→ **THE DATA**:

......

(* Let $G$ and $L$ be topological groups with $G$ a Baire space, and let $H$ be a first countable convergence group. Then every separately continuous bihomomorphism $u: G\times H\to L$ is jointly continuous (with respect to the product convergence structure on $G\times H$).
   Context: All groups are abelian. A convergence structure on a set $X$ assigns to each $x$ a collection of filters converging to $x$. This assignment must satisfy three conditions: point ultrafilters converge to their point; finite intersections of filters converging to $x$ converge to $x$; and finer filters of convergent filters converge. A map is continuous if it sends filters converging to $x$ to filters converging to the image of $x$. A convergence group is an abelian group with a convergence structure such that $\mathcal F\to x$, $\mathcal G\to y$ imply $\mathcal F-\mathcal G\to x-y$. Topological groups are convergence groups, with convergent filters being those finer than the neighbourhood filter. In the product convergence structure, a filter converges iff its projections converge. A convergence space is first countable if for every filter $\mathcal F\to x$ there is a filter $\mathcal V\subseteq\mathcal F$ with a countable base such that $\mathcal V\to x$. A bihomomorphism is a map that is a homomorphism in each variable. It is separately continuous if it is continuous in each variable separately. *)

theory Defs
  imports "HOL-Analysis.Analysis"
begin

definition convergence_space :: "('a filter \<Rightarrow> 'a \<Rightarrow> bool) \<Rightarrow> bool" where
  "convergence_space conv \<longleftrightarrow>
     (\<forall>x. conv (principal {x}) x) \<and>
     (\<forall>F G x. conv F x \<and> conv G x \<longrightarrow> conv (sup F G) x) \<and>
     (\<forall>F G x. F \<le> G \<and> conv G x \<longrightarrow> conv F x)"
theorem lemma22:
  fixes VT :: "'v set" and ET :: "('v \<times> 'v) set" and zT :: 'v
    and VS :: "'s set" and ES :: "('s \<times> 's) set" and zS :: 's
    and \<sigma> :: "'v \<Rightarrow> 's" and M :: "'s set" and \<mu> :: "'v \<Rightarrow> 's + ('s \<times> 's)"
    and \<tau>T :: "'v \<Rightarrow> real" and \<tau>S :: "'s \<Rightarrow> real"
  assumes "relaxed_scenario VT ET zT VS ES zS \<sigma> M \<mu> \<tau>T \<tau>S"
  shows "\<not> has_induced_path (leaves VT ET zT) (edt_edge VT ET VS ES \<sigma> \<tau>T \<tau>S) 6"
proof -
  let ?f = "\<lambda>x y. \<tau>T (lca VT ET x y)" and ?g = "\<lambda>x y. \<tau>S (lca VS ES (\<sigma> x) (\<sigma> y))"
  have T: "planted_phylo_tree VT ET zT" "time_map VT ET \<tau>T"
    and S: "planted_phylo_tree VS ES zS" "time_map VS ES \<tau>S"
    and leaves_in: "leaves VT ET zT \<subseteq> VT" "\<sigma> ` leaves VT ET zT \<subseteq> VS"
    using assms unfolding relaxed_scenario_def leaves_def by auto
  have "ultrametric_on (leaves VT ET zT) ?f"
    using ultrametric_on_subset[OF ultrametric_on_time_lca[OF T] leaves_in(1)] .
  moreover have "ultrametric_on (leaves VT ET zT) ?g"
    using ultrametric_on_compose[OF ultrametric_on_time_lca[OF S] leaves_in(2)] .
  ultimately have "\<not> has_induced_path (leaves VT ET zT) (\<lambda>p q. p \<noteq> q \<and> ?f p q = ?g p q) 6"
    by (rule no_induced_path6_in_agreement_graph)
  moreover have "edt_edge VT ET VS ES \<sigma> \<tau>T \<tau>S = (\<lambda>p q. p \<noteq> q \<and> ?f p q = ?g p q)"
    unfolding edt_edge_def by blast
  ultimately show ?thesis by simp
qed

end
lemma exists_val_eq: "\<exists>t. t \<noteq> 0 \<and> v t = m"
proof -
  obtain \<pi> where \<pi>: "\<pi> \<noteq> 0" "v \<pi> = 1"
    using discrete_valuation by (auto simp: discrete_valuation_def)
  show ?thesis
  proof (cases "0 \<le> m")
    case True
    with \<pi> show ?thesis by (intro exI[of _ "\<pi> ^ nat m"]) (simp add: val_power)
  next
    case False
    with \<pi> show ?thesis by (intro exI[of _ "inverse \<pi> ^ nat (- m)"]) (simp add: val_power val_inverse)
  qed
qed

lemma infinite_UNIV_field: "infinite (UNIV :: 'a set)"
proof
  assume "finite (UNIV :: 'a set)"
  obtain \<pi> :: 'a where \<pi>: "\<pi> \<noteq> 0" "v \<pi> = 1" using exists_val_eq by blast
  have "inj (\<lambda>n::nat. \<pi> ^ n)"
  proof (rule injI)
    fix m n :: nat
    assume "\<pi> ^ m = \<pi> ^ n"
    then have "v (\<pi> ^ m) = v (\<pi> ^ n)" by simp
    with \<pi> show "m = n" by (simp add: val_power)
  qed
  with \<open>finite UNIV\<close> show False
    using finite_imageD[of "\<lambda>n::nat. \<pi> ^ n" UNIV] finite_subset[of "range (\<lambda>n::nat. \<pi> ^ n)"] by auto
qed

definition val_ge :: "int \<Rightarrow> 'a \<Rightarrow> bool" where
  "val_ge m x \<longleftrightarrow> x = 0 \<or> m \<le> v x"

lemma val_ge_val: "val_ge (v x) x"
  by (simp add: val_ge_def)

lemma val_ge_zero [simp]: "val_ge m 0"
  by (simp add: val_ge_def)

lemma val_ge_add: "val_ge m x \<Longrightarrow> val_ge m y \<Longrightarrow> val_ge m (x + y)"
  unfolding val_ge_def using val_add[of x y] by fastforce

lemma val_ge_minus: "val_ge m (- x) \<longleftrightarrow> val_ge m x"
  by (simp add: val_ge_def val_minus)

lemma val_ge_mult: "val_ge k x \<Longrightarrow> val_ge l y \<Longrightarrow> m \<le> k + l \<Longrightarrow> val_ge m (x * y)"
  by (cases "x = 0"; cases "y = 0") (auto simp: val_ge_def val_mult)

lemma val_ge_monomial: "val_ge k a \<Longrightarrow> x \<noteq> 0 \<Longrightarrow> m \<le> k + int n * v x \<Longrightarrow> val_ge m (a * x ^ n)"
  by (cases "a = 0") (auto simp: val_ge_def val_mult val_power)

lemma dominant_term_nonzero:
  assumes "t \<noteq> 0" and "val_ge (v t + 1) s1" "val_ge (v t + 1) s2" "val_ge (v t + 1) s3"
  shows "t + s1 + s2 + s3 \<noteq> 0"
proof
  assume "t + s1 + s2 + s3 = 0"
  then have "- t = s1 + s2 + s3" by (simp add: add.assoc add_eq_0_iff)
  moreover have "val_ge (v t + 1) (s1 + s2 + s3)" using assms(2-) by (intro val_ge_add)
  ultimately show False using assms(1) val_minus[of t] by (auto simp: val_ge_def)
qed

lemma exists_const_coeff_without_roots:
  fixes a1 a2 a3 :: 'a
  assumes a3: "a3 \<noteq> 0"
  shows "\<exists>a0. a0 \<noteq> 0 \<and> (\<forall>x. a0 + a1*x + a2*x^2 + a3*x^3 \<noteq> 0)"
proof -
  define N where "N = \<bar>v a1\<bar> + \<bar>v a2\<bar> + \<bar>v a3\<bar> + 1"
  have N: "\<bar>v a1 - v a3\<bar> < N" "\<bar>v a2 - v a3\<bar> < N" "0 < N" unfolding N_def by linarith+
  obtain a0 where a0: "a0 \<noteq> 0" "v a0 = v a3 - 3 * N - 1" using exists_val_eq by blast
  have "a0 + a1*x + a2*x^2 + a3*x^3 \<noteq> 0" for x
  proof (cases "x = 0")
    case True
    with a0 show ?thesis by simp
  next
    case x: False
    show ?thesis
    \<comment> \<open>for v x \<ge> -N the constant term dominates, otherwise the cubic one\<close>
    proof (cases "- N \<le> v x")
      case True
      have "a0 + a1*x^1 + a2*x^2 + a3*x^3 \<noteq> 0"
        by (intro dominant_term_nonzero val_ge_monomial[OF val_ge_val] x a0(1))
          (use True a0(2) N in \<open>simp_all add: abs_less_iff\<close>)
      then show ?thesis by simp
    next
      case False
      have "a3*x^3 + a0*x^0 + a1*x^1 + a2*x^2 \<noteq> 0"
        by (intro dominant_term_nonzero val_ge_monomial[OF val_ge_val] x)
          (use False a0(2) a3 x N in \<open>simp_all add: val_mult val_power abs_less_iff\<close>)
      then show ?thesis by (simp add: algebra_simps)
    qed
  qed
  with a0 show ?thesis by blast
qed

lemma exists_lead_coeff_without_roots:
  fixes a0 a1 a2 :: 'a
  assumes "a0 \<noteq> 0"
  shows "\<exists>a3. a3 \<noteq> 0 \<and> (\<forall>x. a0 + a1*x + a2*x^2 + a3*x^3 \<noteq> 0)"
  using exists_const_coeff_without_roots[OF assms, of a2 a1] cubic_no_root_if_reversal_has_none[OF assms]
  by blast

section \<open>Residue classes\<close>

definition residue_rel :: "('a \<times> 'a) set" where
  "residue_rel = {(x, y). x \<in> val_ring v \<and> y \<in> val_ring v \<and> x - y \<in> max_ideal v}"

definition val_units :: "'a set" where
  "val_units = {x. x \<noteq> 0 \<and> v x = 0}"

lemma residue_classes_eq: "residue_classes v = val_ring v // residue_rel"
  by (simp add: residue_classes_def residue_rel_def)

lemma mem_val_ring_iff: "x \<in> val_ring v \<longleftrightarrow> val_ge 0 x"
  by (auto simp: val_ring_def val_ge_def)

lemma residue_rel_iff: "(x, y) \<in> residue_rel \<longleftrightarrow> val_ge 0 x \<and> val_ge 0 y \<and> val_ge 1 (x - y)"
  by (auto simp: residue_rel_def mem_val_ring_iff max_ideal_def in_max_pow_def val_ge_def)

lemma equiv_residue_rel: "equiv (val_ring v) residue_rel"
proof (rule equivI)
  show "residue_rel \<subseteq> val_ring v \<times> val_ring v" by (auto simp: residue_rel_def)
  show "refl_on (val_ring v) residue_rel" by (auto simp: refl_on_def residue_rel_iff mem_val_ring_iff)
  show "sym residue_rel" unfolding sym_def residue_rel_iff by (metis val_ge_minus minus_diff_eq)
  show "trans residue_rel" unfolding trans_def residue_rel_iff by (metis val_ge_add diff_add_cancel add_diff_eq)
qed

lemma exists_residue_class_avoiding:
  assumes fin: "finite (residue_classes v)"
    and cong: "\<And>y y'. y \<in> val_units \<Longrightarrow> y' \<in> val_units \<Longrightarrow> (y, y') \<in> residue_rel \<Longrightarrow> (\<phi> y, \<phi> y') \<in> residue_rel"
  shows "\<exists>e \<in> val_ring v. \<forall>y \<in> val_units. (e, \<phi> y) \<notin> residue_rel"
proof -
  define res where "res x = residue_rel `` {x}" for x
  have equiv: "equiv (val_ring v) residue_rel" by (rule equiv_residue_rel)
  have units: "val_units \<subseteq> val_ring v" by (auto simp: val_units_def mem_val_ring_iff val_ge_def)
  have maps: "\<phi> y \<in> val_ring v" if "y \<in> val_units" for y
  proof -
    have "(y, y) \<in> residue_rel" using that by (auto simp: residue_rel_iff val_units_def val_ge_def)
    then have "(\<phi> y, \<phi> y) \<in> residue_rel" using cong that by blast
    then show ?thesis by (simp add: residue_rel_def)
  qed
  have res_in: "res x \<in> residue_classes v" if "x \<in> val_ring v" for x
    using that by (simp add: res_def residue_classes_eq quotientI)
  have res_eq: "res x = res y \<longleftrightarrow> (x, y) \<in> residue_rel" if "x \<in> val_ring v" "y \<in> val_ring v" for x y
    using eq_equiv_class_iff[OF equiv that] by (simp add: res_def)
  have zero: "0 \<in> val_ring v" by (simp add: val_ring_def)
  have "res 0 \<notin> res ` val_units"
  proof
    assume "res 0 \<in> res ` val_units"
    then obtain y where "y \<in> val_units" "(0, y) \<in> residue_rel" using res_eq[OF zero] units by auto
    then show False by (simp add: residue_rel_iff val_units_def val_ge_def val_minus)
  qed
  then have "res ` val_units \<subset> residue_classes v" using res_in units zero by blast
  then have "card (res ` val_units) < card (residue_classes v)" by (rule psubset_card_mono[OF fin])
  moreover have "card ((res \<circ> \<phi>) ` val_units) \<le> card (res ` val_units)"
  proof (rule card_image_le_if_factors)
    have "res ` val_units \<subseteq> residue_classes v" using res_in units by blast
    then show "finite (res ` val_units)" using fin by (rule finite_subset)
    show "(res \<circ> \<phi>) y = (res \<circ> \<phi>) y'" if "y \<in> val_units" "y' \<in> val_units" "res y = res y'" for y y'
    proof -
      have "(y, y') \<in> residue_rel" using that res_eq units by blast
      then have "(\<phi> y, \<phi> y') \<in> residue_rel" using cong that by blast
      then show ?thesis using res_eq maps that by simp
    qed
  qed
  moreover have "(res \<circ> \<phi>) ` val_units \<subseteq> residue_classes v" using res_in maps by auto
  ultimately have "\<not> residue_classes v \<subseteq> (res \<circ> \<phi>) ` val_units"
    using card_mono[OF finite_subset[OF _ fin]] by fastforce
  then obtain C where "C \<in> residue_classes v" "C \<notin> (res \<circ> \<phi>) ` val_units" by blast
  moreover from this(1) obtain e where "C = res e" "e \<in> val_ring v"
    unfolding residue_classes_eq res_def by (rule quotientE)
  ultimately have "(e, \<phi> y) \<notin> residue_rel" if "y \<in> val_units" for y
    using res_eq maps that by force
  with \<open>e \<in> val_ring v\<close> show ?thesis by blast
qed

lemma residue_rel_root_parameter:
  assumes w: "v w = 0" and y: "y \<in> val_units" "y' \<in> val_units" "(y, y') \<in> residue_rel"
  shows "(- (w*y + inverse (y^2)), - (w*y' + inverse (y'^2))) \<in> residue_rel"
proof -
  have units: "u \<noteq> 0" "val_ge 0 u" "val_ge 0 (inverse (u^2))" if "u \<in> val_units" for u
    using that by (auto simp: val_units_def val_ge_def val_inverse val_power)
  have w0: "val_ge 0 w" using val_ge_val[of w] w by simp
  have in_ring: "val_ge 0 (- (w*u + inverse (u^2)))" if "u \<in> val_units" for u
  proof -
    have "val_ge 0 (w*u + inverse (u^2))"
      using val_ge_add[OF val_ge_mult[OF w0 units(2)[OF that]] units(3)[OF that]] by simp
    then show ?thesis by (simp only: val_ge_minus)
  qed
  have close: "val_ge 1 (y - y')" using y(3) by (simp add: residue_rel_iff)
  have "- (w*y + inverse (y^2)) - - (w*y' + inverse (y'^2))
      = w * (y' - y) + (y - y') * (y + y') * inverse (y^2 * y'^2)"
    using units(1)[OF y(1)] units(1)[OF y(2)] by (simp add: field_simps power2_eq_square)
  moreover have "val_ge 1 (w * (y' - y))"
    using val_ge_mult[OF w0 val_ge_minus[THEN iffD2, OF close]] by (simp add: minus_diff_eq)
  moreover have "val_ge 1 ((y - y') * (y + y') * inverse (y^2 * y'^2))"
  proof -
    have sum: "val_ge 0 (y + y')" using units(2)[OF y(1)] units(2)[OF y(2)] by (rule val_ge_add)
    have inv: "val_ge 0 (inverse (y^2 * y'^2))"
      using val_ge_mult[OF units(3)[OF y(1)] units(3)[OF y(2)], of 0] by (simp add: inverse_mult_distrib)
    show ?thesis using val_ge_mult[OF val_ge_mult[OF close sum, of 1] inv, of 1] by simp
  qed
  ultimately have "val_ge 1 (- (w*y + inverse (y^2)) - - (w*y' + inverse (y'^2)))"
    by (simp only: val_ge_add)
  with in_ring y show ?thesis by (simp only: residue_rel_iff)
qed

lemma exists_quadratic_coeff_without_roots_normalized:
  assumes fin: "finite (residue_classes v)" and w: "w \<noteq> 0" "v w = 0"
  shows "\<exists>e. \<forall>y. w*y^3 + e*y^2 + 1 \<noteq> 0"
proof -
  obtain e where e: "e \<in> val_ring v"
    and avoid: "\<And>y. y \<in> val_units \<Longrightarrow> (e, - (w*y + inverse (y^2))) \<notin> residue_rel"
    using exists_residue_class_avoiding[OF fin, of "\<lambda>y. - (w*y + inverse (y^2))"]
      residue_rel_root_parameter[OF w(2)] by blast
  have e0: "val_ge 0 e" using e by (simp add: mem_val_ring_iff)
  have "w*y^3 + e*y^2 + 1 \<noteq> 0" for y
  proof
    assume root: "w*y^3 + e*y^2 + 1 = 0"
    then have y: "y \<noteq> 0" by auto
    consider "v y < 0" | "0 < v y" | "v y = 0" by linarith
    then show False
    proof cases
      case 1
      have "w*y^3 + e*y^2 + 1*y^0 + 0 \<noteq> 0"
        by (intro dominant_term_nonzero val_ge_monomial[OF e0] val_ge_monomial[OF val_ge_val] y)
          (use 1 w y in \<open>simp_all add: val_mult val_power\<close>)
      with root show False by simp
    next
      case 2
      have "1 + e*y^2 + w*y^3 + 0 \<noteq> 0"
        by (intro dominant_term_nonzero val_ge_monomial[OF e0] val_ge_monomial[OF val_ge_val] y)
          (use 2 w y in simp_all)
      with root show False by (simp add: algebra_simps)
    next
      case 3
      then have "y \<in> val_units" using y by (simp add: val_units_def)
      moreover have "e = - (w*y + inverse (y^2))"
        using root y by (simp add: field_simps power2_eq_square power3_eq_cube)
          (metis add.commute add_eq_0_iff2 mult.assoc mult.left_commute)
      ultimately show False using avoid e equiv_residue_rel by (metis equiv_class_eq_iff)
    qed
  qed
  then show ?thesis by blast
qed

......

Each line in the listing above from the one containing "(use True a0(2)" through the one containing "a0*x^0 + a1*x^1" should be repeated exactly, and no other line.

→ **COMPLETED TASK**:
          (use True a0(2) N in \<open>simp_all add: abs_less_iff\<close>)
      then show ?thesis by simp
    next
      case False
      have "a3*x^3 + a0*x^0 + a1*x^1 + a2*x^2 \<noteq> 0"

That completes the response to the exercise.